Take every line containing "also" from the material and copy it.

START Data provided

text \<open>With \<open>a = x - z\<close> and \<open>b = N x - z\<close> the defect in the inequality is
  \<open>l (|a|\<^sup>2 - |b|\<^sup>2) + l (1 - l)\<^sup>2 |a - b|\<^sup>2\<close>, which is nonnegative since \<open>|b| \<le> |a|\<close>.\<close>
lemma averaged_strongly_qne:
  fixes T :: "'a::real_inner \<Rightarrow> 'a"
  assumes "averaged T"
  shows "\<exists>c>0. strongly_qne c T"
proof -
  obtain l N where l: "0 \<le> l" "l < 1" and N: "nonexpansive N"
    and TN: "\<And>x. T x = (1 - l) *\<^sub>R x + l *\<^sub>R N x"
    using assms unfolding averaged_def by blast
  have "(norm (T x - z))\<^sup>2 + (1 - l) * (norm (x - T x))\<^sup>2 \<le> (norm (x - z))\<^sup>2"
    if z: "z \<in> Fix T" for x z
  proof (cases "l = 0")
    case True
    then show ?thesis using TN by simp
  next
    case False
    then have lp: "0 < l" using l by simp
    have "l *\<^sub>R (N z - z) = 0" using z TN[of z] by (simp add: Fix_def algebra_simps)
    then have "N z = z" using lp by simp
    define a where "a = x - z"
    define b where "b = N x - z"
    have "norm b \<le> norm a" using N \<open>N z = z\<close> unfolding nonexpansive_def a_def b_def by metis
    then have ba: "b \<bullet> b \<le> a \<bullet> a"
      by (metis norm_eq_sqrt_inner norm_ge_zero real_sqrt_le_iff inner_ge_zero)
    have ab: "0 \<le> (a - b) \<bullet> (a - b)" by simp
    have Tx: "T x - z = (1 - l) *\<^sub>R a + l *\<^sub>R b" and res: "x - T x = l *\<^sub>R (a - b)"
      unfolding a_def b_def TN by (simp_all add: algebra_simps)
    have "(norm (x - z))\<^sup>2 - ((norm (T x - z))\<^sup>2 + (1 - l) * (norm (x - T x))\<^sup>2)
        = l * (a \<bullet> a - b \<bullet> b) + l * (1 - l)\<^sup>2 * ((a - b) \<bullet> (a - b))"
      unfolding Tx res power2_norm_eq_inner a_def[symmetric]
      by (simp add: inner_add_left inner_add_right inner_diff_left inner_diff_right
          inner_commute power2_eq_square algebra_simps)
    also have "\<dots> \<ge> 0"
      using lp ba ab by (intro add_nonneg_nonneg mult_nonneg_nonneg) auto
    finally show ?thesis by simp
  qed
  then show ?thesis
    using l unfolding strongly_qne_def by (intro exI[of _ "1 - l"]) auto
qed

lemma uniform_strongly_qne:
  fixes T :: "'i \<Rightarrow> 'a::real_inner \<Rightarrow> 'a"
  assumes "finite I" "\<And>i. i \<in> I \<Longrightarrow> averaged (T i)"
  shows "\<exists>c>0. \<forall>i\<in>I. strongly_qne c (T i)"
  using assms
proof (induction I rule: finite_induct)
  case empty
  then show ?case by (intro exI[of _ 1]) simp
next
  case (insert j I)
  then obtain c where c: "c > 0" "\<forall>i\<in>I. strongly_qne c (T i)" by blast
  obtain c' where c': "c' > 0" "strongly_qne c' (T j)"
    using averaged_strongly_qne insert.prems by blast
  show ?case
    using c c' by (intro exI[of _ "min c c'"]) (auto intro: strongly_qne_mono)
qed

fun chain :: "(nat \<Rightarrow> 'a \<Rightarrow> 'a) \<Rightarrow> nat \<Rightarrow> 'a \<Rightarrow> 'a" where
  "chain T 0 = id"
| "chain T (Suc k) = T (Suc k) \<circ> chain T k"

lemma comp_ops_eq_chain: "comp_ops T m = chain T m"
proof (induction m)
  case 0
  then show ?case by (simp add: comp_ops_def)
next
  case (Suc m)
  have "[1..<Suc (Suc m)] = [1..<Suc m] @ [Suc m]" by simp
  then show ?case using Suc by (simp add: comp_ops_def)
qed

lemma chain_telescope:
  fixes T :: "nat \<Rightarrow> 'a::real_inner \<Rightarrow> 'a"
  assumes qne: "\<forall>i\<in>{1..m}. strongly_qne c (T i)"
    and z: "z \<in> (\<Inter>i\<in>{1..m}. Fix (T i))" and "k \<le> m"
  shows "(norm (chain T k x - z))\<^sup>2 + c * (\<Sum>i<k. (norm (chain T i x - chain T (Suc i) x))\<^sup>2)
           \<le> (norm (x - z))\<^sup>2"
  using \<open>k \<le> m\<close>
proof (induction k)
  case 0
  then show ?case by simp
next
  case (Suc k)
  then have "Suc k \<in> {1..m}" by simp
  then have "(norm (T (Suc k) (chain T k x) - z))\<^sup>2
      + c * (norm (chain T k x - T (Suc k) (chain T k x)))\<^sup>2 \<le> (norm (chain T k x - z))\<^sup>2"
    using qne z by (blast intro: strongly_qneD)
  then show ?case using Suc by (simp add: distrib_left)
qed

lemma chain_dist_le:
  fixes T :: "nat \<Rightarrow> 'a::real_inner \<Rightarrow> 'a"
  assumes "\<forall>i\<in>{1..m}. strongly_qne c (T i)" "c \<ge> 0"
    and "z \<in> (\<Inter>i\<in>{1..m}. Fix (T i))" "k \<le> m"
  shows "norm (chain T k x - z) \<le> norm (x - z)"
proof -
  have "0 \<le> c * (\<Sum>i<k. (norm (chain T i x - chain T (Suc i) x))\<^sup>2)"
    using \<open>c \<ge> 0\<close> by (simp add: sum_nonneg)
  moreover have "(norm (chain T k x - z))\<^sup>2
      + c * (\<Sum>i<k. (norm (chain T i x - chain T (Suc i) x))\<^sup>2) \<le> (norm (x - z))\<^sup>2"
    by (rule chain_telescope[where c = c]) (use assms in auto)
  ultimately have "(norm (chain T k x - z))\<^sup>2 \<le> (norm (x - z))\<^sup>2" by linarith
  then show ?thesis by (rule power2_le_imp_le) simp
qed

lemma iterates_fejer:
  fixes T :: "nat \<Rightarrow> 'a::real_inner \<Rightarrow> 'a"
  assumes "\<forall>i\<in>{1..m}. strongly_qne c (T i)" "c \<ge> 0"
    and "z \<in> (\<Inter>i\<in>{1..m}. Fix (T i))"
    and x: "\<And>n. x (Suc n) = chain T m (x n)" and "n \<le> k"
  shows "norm (x k - z) \<le> norm (x n - z)"
proof -
  have "decseq (\<lambda>n. norm (x n - z))"
    using chain_dist_le[of m c T z m] assms by (intro decseq_SucI) simp
  then show ?thesis using \<open>n \<le> k\<close> by (simp add: decseq_def)
qed

lemma bounded_chain_iterates:
  fixes T :: "nat \<Rightarrow> 'a::real_inner \<Rightarrow> 'a"
  assumes "\<forall>i\<in>{1..m}. strongly_qne c (T i)" "c \<ge> 0"
    and "z \<in> (\<Inter>i\<in>{1..m}. Fix (T i))"
    and "\<And>n. x (Suc n) = chain T m (x n)" and "k \<le> m"
  shows "bounded (range (\<lambda>n. chain T k (x n)))"
proof -
  have "chain T k (x n) \<in> cball z (norm (x 0 - z))" for n
  proof -
    have "norm (chain T k (x n) - z) \<le> norm (x n - z)"
      using chain_dist_le[of m c T z k] assms by blast
    also have "\<dots> \<le> norm (x 0 - z)" using iterates_fejer[of m c T z x 0 n] assms by blast
    finally show ?thesis by (simp add: dist_norm norm_minus_commute)
  qed
  then show ?thesis by (meson bounded_cball bounded_subset image_subset_iff rangeE)
qed

text \<open>Every intermediate step of the iteration tends to zero: by the telescoped inequality
  the sum of their squares is dominated by the drop of \<open>|x\<^sub>n - z|\<^sup>2\<close>.\<close>
lemma chain_steps_tendsto_zero:
  fixes T :: "nat \<Rightarrow> 'a::real_inner \<Rightarrow> 'a"
  assumes qne: "\<forall>i\<in>{1..m}. strongly_qne c (T i)" and "c > 0"
    and z: "z \<in> (\<Inter>i\<in>{1..m}. Fix (T i))"
    and x: "\<And>n. x (Suc n) = chain T m (x n)" and "j < m"
  shows "(\<lambda>n. norm (chain T j (x n) - chain T (Suc j) (x n))) \<longlonglongrightarrow> 0"
proof -
  define g where "g i n = norm (chain T i (x n) - chain T (Suc i) (x n))" for i n
  define e where "e n = (\<Sum>i<m. (g i n)\<^sup>2)" for n
  have "e \<longlonglongrightarrow> 0"
  proof (rule decrease_tendsto_zero[OF \<open>c > 0\<close>])
    show "(norm (x (Suc n) - z))\<^sup>2 + c * e n \<le> (norm (x n - z))\<^sup>2" for n
      unfolding x e_def g_def by (rule chain_telescope[where c = c]) (use qne z in auto)
  qed (simp_all add: e_def sum_nonneg)
  then have "(\<lambda>n. sqrt (e n)) \<longlonglongrightarrow> 0"
    using tendsto_real_sqrt[of e 0] by simp
  moreover have "norm (g j n) \<le> sqrt (e n)" for n
    using \<open>j < m\<close> by (auto simp: g_def e_def intro!: real_le_rsqrt member_le_sum)
  ultimately have "g j \<longlonglongrightarrow> 0" by (rule dominated_tendsto_zero)
  then show ?thesis unfolding g_def .
qed

lemma chain_displacement_tendsto_zero:
  fixes T :: "nat \<Rightarrow> 'a::real_normed_vector \<Rightarrow> 'a"
  assumes "\<And>i. i < k \<Longrightarrow> (\<lambda>n. norm (chain T i (x n) - chain T (Suc i) (x n))) \<longlonglongrightarrow> 0"
  shows "(\<lambda>n. norm (x n - chain T k (x n))) \<longlonglongrightarrow> 0"
  using assms
proof (induction k)
  case 0
  then show ?case by simp
next
  case (Suc k)
  let ?d = "\<lambda>n. norm (x n - chain T k (x n))"
  let ?step = "\<lambda>n. norm (chain T k (x n) - chain T (Suc k) (x n))"
  have "?d \<longlonglongrightarrow> 0" "?step \<longlonglongrightarrow> 0" using Suc by simp_all
  then have "(\<lambda>n. ?d n + ?step n) \<longlonglongrightarrow> 0" using tendsto_add by fastforce
  moreover have "norm (norm (x n - chain T (Suc k) (x n))) \<le> ?d n + ?step n" for n
    using norm_triangle_ineq[of "x n - chain T k (x n)" "chain T k (x n) - chain T (Suc k) (x n)"]
    by (simp del: chain.simps)
  ultimately show ?case by (rule dominated_tendsto_zero)
qed

text \<open>The iterates approach the fixed-point set of each \<open>T\<^sub>i\<close>: the bounded sequence
  \<open>y\<^sub>n = chain T (i - 1) x\<^sub>n\<close> has vanishing displacement \<open>y\<^sub>n - T\<^sub>i y\<^sub>n\<close>, so bounded
  regularity of \<open>T\<^sub>i\<close> gives \<open>d(y\<^sub>n, Fix T\<^sub>i) \<rightarrow> 0\<close>, and \<open>y\<^sub>n - x\<^sub>n \<rightarrow> 0\<close>.\<close>
lemma iterates_approach_Fix:
  fixes T :: "nat \<Rightarrow> 'a::real_inner \<Rightarrow> 'a"
  assumes qne: "\<forall>i\<in>{1..m}. strongly_qne c (T i)" and "c > 0"
    and z: "z \<in> (\<Inter>i\<in>{1..m}. Fix (T i))"
    and x: "\<And>n. x (Suc n) = chain T m (x n)"
    and i: "i \<in> {1..m}" and reg: "boundedly_regular_op (T i)"
  shows "(\<lambda>n. infdist (x n) (Fix (T i))) \<longlonglongrightarrow> 0"
proof -
  define y where "y n = chain T (i - 1) (x n)" for n
  have "Suc (i - 1) = i" using i by simp
  then have Ty: "T i (y n) = chain T (Suc (i - 1)) (x n)" for n
    by (metis chain.simps(2) comp_apply y_def)
  have steps: "(\<lambda>n. norm (chain T j (x n) - chain T (Suc j) (x n))) \<longlonglongrightarrow> 0" if "j < m" for j
    using chain_steps_tendsto_zero[where x = x, OF qne \<open>c > 0\<close> z x that] by simp
  have "i - 1 < m" using i by auto
  then have "(\<lambda>n. norm (y n - T i (y n))) \<longlonglongrightarrow> 0"
    unfolding Ty unfolding y_def by (rule steps)
  then have "(\<lambda>n. y n - T i (y n)) \<longlonglongrightarrow> 0" by (simp add: tendsto_norm_zero_iff)
  moreover have "bounded (range y)"
    unfolding y_def using \<open>c > 0\<close> i by (intro bounded_chain_iterates[where x = x, OF qne _ z x]) auto
  ultimately have "(\<lambda>n. infdist (y n) (Fix (T i))) \<longlonglongrightarrow> 0"
    using reg unfolding boundedly_regular_op_def by blast
  moreover have "(\<lambda>n. norm (x n - y n)) \<longlonglongrightarrow> 0"
    unfolding y_def using \<open>i - 1 < m\<close> by (intro chain_displacement_tendsto_zero steps) simp
  then have "(\<lambda>n. dist (x n) (y n)) \<longlonglongrightarrow> 0" by (simp add: dist_norm)
  ultimately show ?thesis by (rule infdist_tendsto_zero_shift)
qed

END Data provided

• Result:
    also have "\<dots> \<ge> 0"
    also have "\<dots> \<le> norm (x 0 - z)" using iterates_fejer[of m c T z x 0 n] assms by blast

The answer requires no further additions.